STUDY MATERIAL:
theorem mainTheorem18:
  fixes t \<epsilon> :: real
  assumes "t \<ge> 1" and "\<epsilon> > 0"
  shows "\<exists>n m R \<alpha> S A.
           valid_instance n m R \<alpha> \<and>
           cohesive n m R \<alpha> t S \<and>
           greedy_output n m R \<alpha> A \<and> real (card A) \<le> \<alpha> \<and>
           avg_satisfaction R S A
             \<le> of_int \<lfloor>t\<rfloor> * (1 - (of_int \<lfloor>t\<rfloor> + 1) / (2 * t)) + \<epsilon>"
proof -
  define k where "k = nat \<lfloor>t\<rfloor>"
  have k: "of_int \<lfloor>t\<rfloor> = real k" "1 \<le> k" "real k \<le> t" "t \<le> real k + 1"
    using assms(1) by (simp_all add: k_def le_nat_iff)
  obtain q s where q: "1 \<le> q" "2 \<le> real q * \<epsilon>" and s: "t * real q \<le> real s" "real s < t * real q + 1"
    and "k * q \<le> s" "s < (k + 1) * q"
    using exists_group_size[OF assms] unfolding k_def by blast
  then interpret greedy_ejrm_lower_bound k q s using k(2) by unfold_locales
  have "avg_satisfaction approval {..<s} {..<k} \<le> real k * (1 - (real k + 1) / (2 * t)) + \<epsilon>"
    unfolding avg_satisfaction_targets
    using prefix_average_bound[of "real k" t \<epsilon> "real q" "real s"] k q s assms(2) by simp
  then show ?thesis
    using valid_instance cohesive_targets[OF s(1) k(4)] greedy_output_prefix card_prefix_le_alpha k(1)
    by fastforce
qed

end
--
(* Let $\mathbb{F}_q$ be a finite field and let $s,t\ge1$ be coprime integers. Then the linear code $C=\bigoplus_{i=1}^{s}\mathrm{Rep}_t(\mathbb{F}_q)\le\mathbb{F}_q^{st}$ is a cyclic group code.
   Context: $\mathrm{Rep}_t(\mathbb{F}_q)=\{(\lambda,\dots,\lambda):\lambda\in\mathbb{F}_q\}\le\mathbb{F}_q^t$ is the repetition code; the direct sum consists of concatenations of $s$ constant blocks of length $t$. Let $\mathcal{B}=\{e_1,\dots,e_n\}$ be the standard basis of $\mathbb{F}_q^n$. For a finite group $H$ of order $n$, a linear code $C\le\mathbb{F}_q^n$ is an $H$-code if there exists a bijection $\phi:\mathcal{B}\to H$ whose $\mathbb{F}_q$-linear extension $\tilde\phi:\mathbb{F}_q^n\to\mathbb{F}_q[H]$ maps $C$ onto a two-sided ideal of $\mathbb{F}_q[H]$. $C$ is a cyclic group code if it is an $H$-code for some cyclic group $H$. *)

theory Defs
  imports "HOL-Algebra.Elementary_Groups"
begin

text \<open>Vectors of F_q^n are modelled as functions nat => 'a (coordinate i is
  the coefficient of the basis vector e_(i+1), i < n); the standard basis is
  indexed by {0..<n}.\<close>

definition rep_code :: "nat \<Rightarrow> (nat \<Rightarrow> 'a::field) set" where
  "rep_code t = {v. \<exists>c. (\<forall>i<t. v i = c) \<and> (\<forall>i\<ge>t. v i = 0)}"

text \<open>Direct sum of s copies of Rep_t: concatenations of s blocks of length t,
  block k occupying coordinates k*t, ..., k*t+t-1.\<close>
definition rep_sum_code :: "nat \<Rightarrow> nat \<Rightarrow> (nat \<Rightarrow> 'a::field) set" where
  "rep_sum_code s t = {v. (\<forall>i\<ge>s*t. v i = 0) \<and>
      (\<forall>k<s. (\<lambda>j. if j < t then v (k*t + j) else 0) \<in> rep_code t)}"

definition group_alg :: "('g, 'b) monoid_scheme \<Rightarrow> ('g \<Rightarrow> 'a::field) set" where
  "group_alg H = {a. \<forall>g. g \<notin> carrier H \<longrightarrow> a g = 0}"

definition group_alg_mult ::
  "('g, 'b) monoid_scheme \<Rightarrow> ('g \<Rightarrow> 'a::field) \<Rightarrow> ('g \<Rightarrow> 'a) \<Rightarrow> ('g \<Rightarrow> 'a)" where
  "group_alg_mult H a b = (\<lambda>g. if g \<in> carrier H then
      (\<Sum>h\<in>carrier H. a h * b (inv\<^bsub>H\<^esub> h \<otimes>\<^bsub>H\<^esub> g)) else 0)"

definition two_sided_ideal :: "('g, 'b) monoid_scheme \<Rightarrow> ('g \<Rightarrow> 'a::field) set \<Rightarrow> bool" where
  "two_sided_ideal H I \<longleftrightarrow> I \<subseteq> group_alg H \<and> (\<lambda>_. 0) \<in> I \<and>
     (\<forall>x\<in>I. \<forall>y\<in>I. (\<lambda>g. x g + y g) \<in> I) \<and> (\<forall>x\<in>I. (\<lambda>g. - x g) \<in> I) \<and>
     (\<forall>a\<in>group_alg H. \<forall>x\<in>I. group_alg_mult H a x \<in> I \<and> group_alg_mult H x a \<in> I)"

DIRECTIONS FOR THIS TASK: All lines above from the line with "('g \<Rightarrow> 'a::field) set \<Rightarrow>" through the line with "(\<forall>a\<in>group_alg H. \<forall>x\<in>I.", both included, are to be set down exactly, with nothing else.

ANSWER TO THIS TASK:
definition two_sided_ideal :: "('g, 'b) monoid_scheme \<Rightarrow> ('g \<Rightarrow> 'a::field) set \<Rightarrow> bool" where
  "two_sided_ideal H I \<longleftrightarrow> I \<subseteq> group_alg H \<and> (\<lambda>_. 0) \<in> I \<and>
     (\<forall>x\<in>I. \<forall>y\<in>I. (\<lambda>g. x g + y g) \<in> I) \<and> (\<forall>x\<in>I. (\<lambda>g. - x g) \<in> I) \<and>
     (\<forall>a\<in>group_alg H. \<forall>x\<in>I. group_alg_mult H a x \<in> I \<and> group_alg_mult H x a \<in> I)"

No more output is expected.